Terkait Tumpahan Minyak Montara, Pemerintah Diminta Tegas Terhadap Australia
REPUBLIKA.CO.ID, KUPANG -- Dewan Perwakilan Rakyat Indonesia (DPR-RI) mendesak pemerintahan Presiden Joko Widodo agar menerapkan diplomasi luar negeri yang tegas, efektif dan produktif terhadap Australia terkait dengan upaya penyelesaian pencemaran Laut Timor secara tuntas dan transparan.
"Kasus pencemaran Laut Timor akibat meledaknya kilang minyak Montara pada Agustus 2009, tidak bisa dipandang enteng dan perlu dituntaskan pemerintah dengan meminta pertanggungjawaban dari pemerintah Federal Australia dan perusahaan pencemar PTTEP," demikian pernyataan sikap DPR-RI yang diterima di Kupang, Selasa.
Pernyataan sikap tersebut ditandatangani oleh Ketua Komisi V DPR-RI Fari Djemin Francis dari F-Gerindra, Syahrulan Pua Sawa dari F-PAN, Sigit Sosiantomo dari F-PKS, Wilan Wandik dari F-Demokrat, Hamka B Kady dari F-Golkar, Andi Iwan D dari F-Gerindra, Ade Pratama dari F-Gerindra, Syarif Abdullah dari F-Nasdem, Nurhasan dan H Subarna dari F-Gerindra.
Dalam pernyataan sikap yang dikirimkan pula kepada Ketua Tim Advokasi Korban Tumpahan Minyak Montara, Ferdi Tanoni itu, DPR juga mendesak pemerintah untuk menyelesaian kasus pencemaran tersebut dari sisi hukum, ekonomi, sosial dan lingkungan, sehingga tidak berdampak negatif bagi hidup dan kehidupan masyarakat di Nusa Tenggara Timur.
Di samping itu, DPR juga mendesak pemerintah agar lebih bersungguh-sungguh dalam mendukung perjuangan rakyat NTT yang menjadi korban pencemaran yang tengah memperjuangkan keadilan di Pengadilan Federal Australia melalui gugatan class action kepada PTTEP.

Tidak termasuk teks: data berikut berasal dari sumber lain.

text \<open>A set \<open>M\<close> that no path of an acyclic graph leaves and re-enters can be placed as one block,
  in any internal order, in a topological order: first what lies below \<open>M\<close>, then \<open>M\<close>, then the rest.\<close>

definition path_convex :: "('a \<times> 'a) set \<Rightarrow> 'a set \<Rightarrow> bool" where
  "path_convex G M = (\<forall>a b c. a \<in> M \<longrightarrow> (a, b) \<in> G \<longrightarrow> (b, c) \<in> G\<^sup>* \<longrightarrow> c \<in> M \<longrightarrow> b \<in> M)"

lemma precedes_layered:
  fixes f :: "'a \<Rightarrow> nat"
  assumes pot: "\<forall>U V. (U, V) \<in> G \<longrightarrow> f U < f V" and GI: "G \<subseteq> I \<times> I"
    and convex: "path_convex G M"
    and l1: "set l1 = {y \<in> I - M. \<exists>m\<in>M. (y, m) \<in> G\<^sup>*}" "sorted (map f l1)"
    and l2: "set l2 = I - M - set l1" "sorted (map f l2)"
    and L: "set L = M"
    and ab: "(a, b) \<in> G" "\<not> (a \<in> M \<and> b \<in> M)"
  shows "precedes (l1 @ L @ l2) a b"
proof -
  have I: "a \<in> I" "b \<in> I" using GI ab(1) by auto
  consider "a \<in> set l1" | "a \<in> M" | "a \<in> set l2" using I l2(1) by blast
  then show ?thesis
  proof cases
    case 1
    then show ?thesis
      using sorted_key_precedes[OF l1(2) 1, of b] pot ab(1) I(2) L l2(1)
      by (auto simp: precedes_append)
  next
    case 2
    then have "b \<notin> M" using ab(2) by blast
    then have "b \<notin> set l1" using convex 2 ab(1) l1(1) unfolding path_convex_def by blast
    then show ?thesis using 2 I(2) \<open>b \<notin> M\<close> L l2(1) by (auto simp: precedes_append)
  next
    case 3
    have "b \<in> set l2"
    proof (rule ccontr)
      assume "b \<notin> set l2"
      then obtain c where "c \<in> M" "(b, c) \<in> G\<^sup>*" using I(2) l1(1) l2(1) by blast
      then have "(a, c) \<in> G\<^sup>*" using ab(1) by (meson converse_rtrancl_into_rtrancl)
      then show False using 3 I(1) \<open>c \<in> M\<close> l1(1) l2(1) by blast
    qed
    then show ?thesis using sorted_key_precedes[OF l2(2) 3] pot ab(1) by (simp add: precedes_append)
  qed
qed

lemma layered_enumeration:
  fixes f :: "'a \<Rightarrow> nat"
  assumes "finite I" "M \<subseteq> I" "G \<subseteq> I \<times> I" "\<forall>U V. (U, V) \<in> G \<longrightarrow> f U < f V"
    and "path_convex G M"
  shows "\<exists>l1 l2. (\<forall>L. distinct L \<and> set L = M \<longrightarrow> distinct (l1 @ L @ l2) \<and> set (l1 @ L @ l2) = I) \<and>
    (\<forall>L a b. set L = M \<and> (a, b) \<in> G \<and> \<not> (a \<in> M \<and> b \<in> M) \<longrightarrow> precedes (l1 @ L @ l2) a b)"
proof -
  obtain l1 where l1: "distinct l1" "set l1 = {y \<in> I - M. \<exists>m\<in>M. (y, m) \<in> G\<^sup>*}" "sorted (map f l1)"
    using sorted_key_enumeration[of "{y \<in> I - M. \<exists>m\<in>M. (y, m) \<in> G\<^sup>*}" f] assms(1) by auto
  obtain l2 where l2: "distinct l2" "set l2 = I - M - set l1" "sorted (map f l2)"
    using sorted_key_enumeration[of "I - M - set l1" f] assms(1) by auto
  have "distinct (l1 @ L @ l2) \<and> set (l1 @ L @ l2) = I" if "distinct L" "set L = M" for L
    using that l1 l2 assms(2) by auto
  moreover have "precedes (l1 @ L @ l2) a b" if "set L = M" "(a, b) \<in> G" "\<not> (a \<in> M \<and> b \<in> M)" for L a b
    by (rule precedes_layered[OF assms(4,3,5) l1(2,3) l2(2,3) that])
  ultimately show ?thesis by blast
qed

"Pernyataan sikap ini menunjukkan bahwa DPR tegas dalam perjuangan penuntasan masalah tumpahan minyak Montara. Kemungkinan banyak anggota DPR RI yang akan menandatangani pernyataan sikap ini," kata Fary Francis.
Ia menambahkan kalangan DPR juga meminta pemerintah untuk memberikan advokasi terkait tumpahan minyak Montara, dengan mengundang masyarakat terdampak dan peneliti, terutama untuk memenangkan gugatan, atas "class action" dalam penuntasan kasus ini.
Menurut Fary, pernyatan sikap ini dilakukan setelah mencermati proses penyelesaian masalah tumpahan minyak Montana sejak tahun 2009 sampai sekarang belum tuntas, bahkan sudah menjadi persoalan yang lebih luas di luar negeri.